*Stored data entries*.
(* Suppose $\tau_f\in(\tau_c,+\infty)$. Then $$p'(\tau)<\frac{2h(\tau)-2h(\tau_f)}{\tau^2-\tau_f^2}<p'(\tau_f)\quad\text{for }\tau\in(1,\tau_f).$$ Moreover, for any $\tau_b\in(1,\tau_f)$ Liu's extended entropy condition holds: $$\frac{2h(\tau_f)-2h(\tau_b)}{\tau_f^2-\tau_b^2}<\frac{2h(\tau_f)-2h(\tau)}{\tau_f^2-\tau^2}\quad\text{for all }\tau\in(\tau_b,\tau_f).$$
   Context: The pressure is $p(\tau)=\frac{\mathcal S}{(\tau-1)^\gamma}-\frac{1}{\tau^2}$ for $\tau>1$, with constants $1<\gamma<2$, $\mathcal S>0$, assumed such that there exist $1<\tau_1^i<\tau_2^i$ with $p'<0$ on $(1,\infty)$, $p''>0$ on $(1,\tau_1^i)\cup(\tau_2^i,\infty)$, $p''<0$ on $(\tau_1^i,\tau_2^i)$. The function $h$ satisfies $h'(\tau)=\tau p'(\tau)$. $\tau_c$ denotes the unique $\tau_c\in(\tau_1^i,\infty)$ with $p'(\tau_1^i)=\frac{2h(\tau_c)-2h(\tau_1^i)}{\tau_c^2-(\tau_1^i)^2}$. *)

theory Defs
  imports "HOL-Analysis.Analysis"
begin

definition pres :: "real \<Rightarrow> real \<Rightarrow> real \<Rightarrow> real" where
  "pres S \<gamma> \<tau> = S / ((\<tau> - 1) powr \<gamma>) - 1 / \<tau>\<^sup>2"

end

theory Submission
  imports Defs
begin

text \<open>
  Write \<open>q = p'\<close>. Because \<open>h' = \<tau> q\<close>, the quotient \<open>(2 h a - 2 h b) / (a\<^sup>2 - b\<^sup>2)\<close> is the
  slope of a chord of \<open>s \<mapsto> 2 h (sqrt s)\<close>; hence it equals \<open>q \<xi>\<close> for some \<open>\<xi>\<close> between
  \<open>a\<close> and \<open>b\<close> (Cauchy's mean value theorem), and the slope over \<open>[a, c]\<close> is a weighted
  mean of the slopes over \<open>[a, b]\<close> and \<open>[b, c]\<close>.

  The function \<open>q\<close> increases up to \<open>\<tau>1\<close>, decreases up to \<open>\<tau>2\<close> and increases afterwards.
  The defining equation of \<open>\<tau>c\<close> forces \<open>q\<close> to take the value \<open>q \<tau>1\<close> again at some
  \<open>\<eta> \<in> (\<tau>1, \<tau>c)\<close>, necessarily beyond \<open>\<tau>2\<close>, so \<open>q > q \<tau>1\<close> on \<open>(\<eta>, \<infinity>)\<close>. This gives
  \<open>q \<tau>1 < chord(\<tau>1, \<tau>f)\<close> and \<open>q < q \<tau>f\<close> on \<open>(1, \<tau>f)\<close>, and a case distinction on the
  monotonicity interval containing \<open>\<tau>\<close> yields \<open>q \<tau> < chord(\<tau>, \<tau>f) < q \<tau>f\<close>. Liu's
  condition follows since \<open>d/d\<tau> chord(\<tau>, \<tau>f) = 2 \<tau> (chord(\<tau>, \<tau>f) - q \<tau>) / (\<tau>f\<^sup>2 - \<tau>\<^sup>2)\<close>.
\<close>

definition chord_slope :: "(real \<Rightarrow> real) \<Rightarrow> real \<Rightarrow> real \<Rightarrow> real" where
  "chord_slope h a b = (2 * h a - 2 * h b) / (a\<^sup>2 - b\<^sup>2)"

lemma chord_slope_commute: "chord_slope h a b = chord_slope h b a"
  unfolding chord_slope_def by (metis minus_diff_eq minus_divide_divide)

lemma chord_slope_mult: "a\<^sup>2 \<noteq> b\<^sup>2 \<Longrightarrow> (a\<^sup>2 - b\<^sup>2) * chord_slope h a b = 2 * h a - 2 * h b"
  unfolding chord_slope_def by simp

lemma chord_slope_mean_value:
  assumes "0 \<le> a" "a < b"
    and h_deriv: "\<And>t. a \<le> t \<Longrightarrow> t \<le> b \<Longrightarrow> (h has_real_derivative t * q t) (at t)"
  obtains \<xi> where "a < \<xi>" "\<xi> < b" "chord_slope h a b = q \<xi>"
proof -
  have "\<exists>\<xi>. a < \<xi> \<and> \<xi> < b \<and> (2 * h b - 2 * h a) * (2 * \<xi>) = (b\<^sup>2 - a\<^sup>2) * (2 * (\<xi> * q \<xi>))"
    using h_deriv
    by (intro GMVT'[OF \<open>a < b\<close>]) (auto intro!: derivative_eq_intros DERIV_isCont)
  then obtain \<xi> where \<xi>: "a < \<xi>" "\<xi> < b"
    and cauchy: "(2 * h b - 2 * h a) * (2 * \<xi>) = (b\<^sup>2 - a\<^sup>2) * (2 * (\<xi> * q \<xi>))"
    by blast
  have "2 * \<xi> * (2 * h b - 2 * h a) = 2 * \<xi> * ((b\<^sup>2 - a\<^sup>2) * q \<xi>)"
    using cauchy by (simp add: algebra_simps)
  then have "2 * h b - 2 * h a = (b\<^sup>2 - a\<^sup>2) * q \<xi>"
    using \<xi> \<open>0 \<le> a\<close> by simp
  moreover have "a\<^sup>2 < b\<^sup>2" using assms by (simp add: power_strict_mono)
  ultimately have "chord_slope h a b = q \<xi>"
    unfolding chord_slope_def by (simp add: field_simps)
  with \<xi> show thesis by (rule that)
qed

lemma chord_slope_split:
  assumes "a\<^sup>2 \<noteq> b\<^sup>2" "b\<^sup>2 \<noteq> c\<^sup>2" "a\<^sup>2 \<noteq> c\<^sup>2"
  shows "(c\<^sup>2 - a\<^sup>2) * chord_slope h a c
           = (b\<^sup>2 - a\<^sup>2) * chord_slope h a b + (c\<^sup>2 - b\<^sup>2) * chord_slope h b c"
  using assms chord_slope_mult[of a b h] chord_slope_mult[of b c h] chord_slope_mult[of a c h]
  by (simp add: algebra_simps)

lemma chord_slope_gt_if_parts_gt:
  assumes "0 \<le> a" "a < b" "b < c"
    and "y \<le> chord_slope h a b" "y < chord_slope h b c"
  shows "y < chord_slope h a c"
proof -
  have sq: "a\<^sup>2 < b\<^sup>2" "b\<^sup>2 < c\<^sup>2"
    using assms by (simp_all add: power_strict_mono)
  have "(c\<^sup>2 - a\<^sup>2) * y = (b\<^sup>2 - a\<^sup>2) * y + (c\<^sup>2 - b\<^sup>2) * y"
    by (simp add: algebra_simps)
  also have "\<dots> < (b\<^sup>2 - a\<^sup>2) * chord_slope h a b + (c\<^sup>2 - b\<^sup>2) * chord_slope h b c"
    using sq assms by (intro add_le_less_mono mult_left_mono mult_strict_left_mono) auto
  also have "\<dots> = (c\<^sup>2 - a\<^sup>2) * chord_slope h a c"
    using sq by (intro chord_slope_split[symmetric]) auto
  finally show ?thesis using sq by simp
qed

lemma chord_slope_right_part_gt:
  assumes "0 \<le> a" "a < b" "b < c"
    and "chord_slope h a b \<le> y" "y < chord_slope h a c"
  shows "y < chord_slope h b c"
proof (rule ccontr)
  assume "\<not> y < chord_slope h b c"
  have sq: "a\<^sup>2 < b\<^sup>2" "b\<^sup>2 < c\<^sup>2"
    using assms by (simp_all add: power_strict_mono)
  have "(c\<^sup>2 - a\<^sup>2) * chord_slope h a c
           = (b\<^sup>2 - a\<^sup>2) * chord_slope h a b + (c\<^sup>2 - b\<^sup>2) * chord_slope h b c"
    using sq by (intro chord_slope_split) auto
  also have "\<dots> \<le> (b\<^sup>2 - a\<^sup>2) * y + (c\<^sup>2 - b\<^sup>2) * y"
    using sq assms \<open>\<not> y < chord_slope h b c\<close> by (intro add_mono mult_left_mono) auto
  also have "\<dots> = (c\<^sup>2 - a\<^sup>2) * y"
    by (simp add: algebra_simps)
  finally show False using sq assms by simp
qed

lemma has_real_derivative_chord_slope_left:
  assumes h_deriv: "(h has_real_derivative t * q t) (at t)" and "t\<^sup>2 \<noteq> f\<^sup>2"
  shows "((\<lambda>s. chord_slope h s f) has_real_derivative
           2 * t * (chord_slope h t f - q t) / (f\<^sup>2 - t\<^sup>2)) (at t)"
proof -
  have nz: "t\<^sup>2 - f\<^sup>2 \<noteq> 0" "f\<^sup>2 - t\<^sup>2 \<noteq> 0" using assms by auto
  have "((\<lambda>s. chord_slope h s f) has_real_derivative
           (2 * (t * q t) * (t\<^sup>2 - f\<^sup>2) - (2 * h t - 2 * h f) * (2 * t))
             / ((t\<^sup>2 - f\<^sup>2) * (t\<^sup>2 - f\<^sup>2))) (at t)"
    unfolding chord_slope_def using assms
    by (auto intro!: derivative_eq_intros)
  also have "(2 * (t * q t) * (t\<^sup>2 - f\<^sup>2) - (2 * h t - 2 * h f) * (2 * t))
             / ((t\<^sup>2 - f\<^sup>2) * (t\<^sup>2 - f\<^sup>2)) = 2 * t * (chord_slope h t f - q t) / (f\<^sup>2 - t\<^sup>2)"
    using nz unfolding chord_slope_def by (simp add: divide_simps) algebra
  finally show ?thesis .
qed

lemma chord_slope_strict_mono_left:
  assumes "0 < b" "b < t" "t < f"
    and h_deriv: "\<And>s. b \<le> s \<Longrightarrow> s \<le> t \<Longrightarrow> (h has_real_derivative s * q s) (at s)"
    and q_less: "\<And>s. b < s \<Longrightarrow> s < t \<Longrightarrow> q s < chord_slope h s f"
  shows "chord_slope h b f < chord_slope h t f"
proof -
  have sq: "s\<^sup>2 < f\<^sup>2" if "b \<le> s" "s \<le> t" for s
    using that assms by (simp add: power_strict_mono)
  have deriv: "((\<lambda>s. chord_slope h s f) has_real_derivative
                 2 * s * (chord_slope h s f - q s) / (f\<^sup>2 - s\<^sup>2)) (at s)"
    if "b \<le> s" "s \<le> t" for s
    using sq[OF that] by (intro has_real_derivative_chord_slope_left h_deriv that) simp
  show ?thesis
  proof (rule DERIV_pos_imp_increasing_open[OF \<open>b < t\<close>])
    fix s assume s: "b < s" "s < t"
    have "0 < 2 * s * (chord_slope h s f - q s) / (f\<^sup>2 - s\<^sup>2)"
      using s sq[of s] q_less[OF s] \<open>0 < b\<close> by (auto intro!: divide_pos_pos)
    with deriv[of s] s show "\<exists>y. ((\<lambda>s. chord_slope h s f) has_real_derivative y) (at s) \<and> y > 0"
      by force
  qed (use deriv in \<open>auto intro!: continuous_at_imp_continuous_on DERIV_isCont\<close>)
qed

locale up_down_up =
  fixes q q' :: "real \<Rightarrow> real" and \<tau>1 \<tau>2 :: real
  assumes q_deriv: "\<And>t. 1 < t \<Longrightarrow> (q has_real_derivative q' t) (at t)"
    and \<tau>12: "1 < \<tau>1" "\<tau>1 < \<tau>2"
    and q'_pos_left: "\<And>t. 1 < t \<Longrightarrow> t < \<tau>1 \<Longrightarrow> 0 < q' t"
    and q'_neg: "\<And>t. \<tau>1 < t \<Longrightarrow> t < \<tau>2 \<Longrightarrow> q' t < 0"
    and q'_pos_right: "\<And>t. \<tau>2 < t \<Longrightarrow> 0 < q' t"
begin

lemma q_continuous_on: "1 < a \<Longrightarrow> continuous_on {a..b} q"
  by (intro continuous_at_imp_continuous_on ballI DERIV_isCont[OF q_deriv]) auto

lemma q_less_if_q'_pos:
  assumes "1 < a" "a < b" "\<And>x. a < x \<Longrightarrow> x < b \<Longrightarrow> 0 < q' x"
  shows "q a < q b"
proof (rule DERIV_pos_imp_increasing_open[OF \<open>a < b\<close> _ q_continuous_on[OF \<open>1 < a\<close>]])
  fix x assume "a < x" "x < b"
  then show "\<exists>y. (q has_real_derivative y) (at x) \<and> 0 < y"
    using assms by (intro exI[of _ "q' x"] conjI q_deriv) auto
qed

lemma q_greater_if_q'_neg:
  assumes "1 < a" "a < b" "\<And>x. a < x \<Longrightarrow> x < b \<Longrightarrow> q' x < 0"
  shows "q b < q a"
proof (rule DERIV_neg_imp_decreasing_open[OF \<open>a < b\<close> _ q_continuous_on[OF \<open>1 < a\<close>]])
  fix x assume "a < x" "x < b"
  then show "\<exists>y. (q has_real_derivative y) (at x) \<and> y < 0"
    using assms by (intro exI[of _ "q' x"] conjI q_deriv) auto
qed

lemma q_strict_mono_on_left: "1 < a \<Longrightarrow> a < b \<Longrightarrow> b \<le> \<tau>1 \<Longrightarrow> q a < q b"
  by (rule q_less_if_q'_pos) (auto intro: q'_pos_left)

lemma q_strict_antimono_on_middle: "\<tau>1 \<le> a \<Longrightarrow> a < b \<Longrightarrow> b \<le> \<tau>2 \<Longrightarrow> q b < q a"
  using \<tau>12 by (intro q_greater_if_q'_neg) (auto intro: q'_neg)

lemma q_strict_mono_on_right: "\<tau>2 \<le> a \<Longrightarrow> a < b \<Longrightarrow> q a < q b"
  using \<tau>12 by (intro q_less_if_q'_pos) (auto intro: q'_pos_right)

lemma q_le_peak: "1 < s \<Longrightarrow> s \<le> \<tau>2 \<Longrightarrow> q s \<le> q \<tau>1"
  using q_strict_mono_on_left[of s \<tau>1] q_strict_antimono_on_middle[of \<tau>1 s]
  by (cases s \<tau>1 rule: linorder_cases) auto

lemma q_less_if_peak_less:
  assumes "q \<tau>1 < q f" "1 < s" "s < f"
  shows "q s < q f"
proof (cases "s \<le> \<tau>2")
  case True
  then show ?thesis using q_le_peak[of s] assms by simp
next
  case False
  then show ?thesis using q_strict_mono_on_right[of s f] assms by simp
qed

lemma peak_value_beyond_valley:
  assumes "\<tau>1 < \<eta>" "q \<eta> = q \<tau>1" "\<eta> < s"
  shows "q \<tau>1 < q s"
proof -
  have "\<tau>2 < \<eta>"
    using q_strict_antimono_on_middle[of \<tau>1 \<eta>] assms by force
  then show ?thesis
    using q_strict_mono_on_right[of \<eta> s] assms by simp
qed

end

locale up_down_up_chords = up_down_up +
  fixes h :: "real \<Rightarrow> real"
  assumes h_deriv: "\<And>t. 1 < t \<Longrightarrow> (h has_real_derivative t * q t) (at t)"
begin

lemma chord_slope_mean_value_q:
  assumes "1 < a" "a < b"
  obtains \<xi> where "a < \<xi>" "\<xi> < b" "chord_slope h a b = q \<xi>"
  by (rule chord_slope_mean_value[of a b h q]) (use assms h_deriv in auto)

*Work order*. The lines running from the start of the data through the one that contains "distinction on the" should be reproduced exactly, and only those.

*Response area*.
(* Suppose $\tau_f\in(\tau_c,+\infty)$. Then $$p'(\tau)<\frac{2h(\tau)-2h(\tau_f)}{\tau^2-\tau_f^2}<p'(\tau_f)\quad\text{for }\tau\in(1,\tau_f).$$ Moreover, for any $\tau_b\in(1,\tau_f)$ Liu's extended entropy condition holds: $$\frac{2h(\tau_f)-2h(\tau_b)}{\tau_f^2-\tau_b^2}<\frac{2h(\tau_f)-2h(\tau)}{\tau_f^2-\tau^2}\quad\text{for all }\tau\in(\tau_b,\tau_f).$$
   Context: The pressure is $p(\tau)=\frac{\mathcal S}{(\tau-1)^\gamma}-\frac{1}{\tau^2}$ for $\tau>1$, with constants $1<\gamma<2$, $\mathcal S>0$, assumed such that there exist $1<\tau_1^i<\tau_2^i$ with $p'<0$ on $(1,\infty)$, $p''>0$ on $(1,\tau_1^i)\cup(\tau_2^i,\infty)$, $p''<0$ on $(\tau_1^i,\tau_2^i)$. The function $h$ satisfies $h'(\tau)=\tau p'(\tau)$. $\tau_c$ denotes the unique $\tau_c\in(\tau_1^i,\infty)$ with $p'(\tau_1^i)=\frac{2h(\tau_c)-2h(\tau_1^i)}{\tau_c^2-(\tau_1^i)^2}$. *)

theory Defs
  imports "HOL-Analysis.Analysis"
begin

definition pres :: "real \<Rightarrow> real \<Rightarrow> real \<Rightarrow> real" where
  "pres S \<gamma> \<tau> = S / ((\<tau> - 1) powr \<gamma>) - 1 / \<tau>\<^sup>2"

end

theory Submission
  imports Defs
begin

text \<open>
  Write \<open>q = p'\<close>. Because \<open>h' = \<tau> q\<close>, the quotient \<open>(2 h a - 2 h b) / (a\<^sup>2 - b\<^sup>2)\<close> is the
  slope of a chord of \<open>s \<mapsto> 2 h (sqrt s)\<close>; hence it equals \<open>q \<xi>\<close> for some \<open>\<xi>\<close> between
  \<open>a\<close> and \<open>b\<close> (Cauchy's mean value theorem), and the slope over \<open>[a, c]\<close> is a weighted
  mean of the slopes over \<open>[a, b]\<close> and \<open>[b, c]\<close>.

  The function \<open>q\<close> increases up to \<open>\<tau>1\<close>, decreases up to \<open>\<tau>2\<close> and increases afterwards.
  The defining equation of \<open>\<tau>c\<close> forces \<open>q\<close> to take the value \<open>q \<tau>1\<close> again at some
  \<open>\<eta> \<in> (\<tau>1, \<tau>c)\<close>, necessarily beyond \<open>\<tau>2\<close>, so \<open>q > q \<tau>1\<close> on \<open>(\<eta>, \<infinity>)\<close>. This gives
  \<open>q \<tau>1 < chord(\<tau>1, \<tau>f)\<close> and \<open>q < q \<tau>f\<close> on \<open>(1, \<tau>f)\<close>, and a case distinction on the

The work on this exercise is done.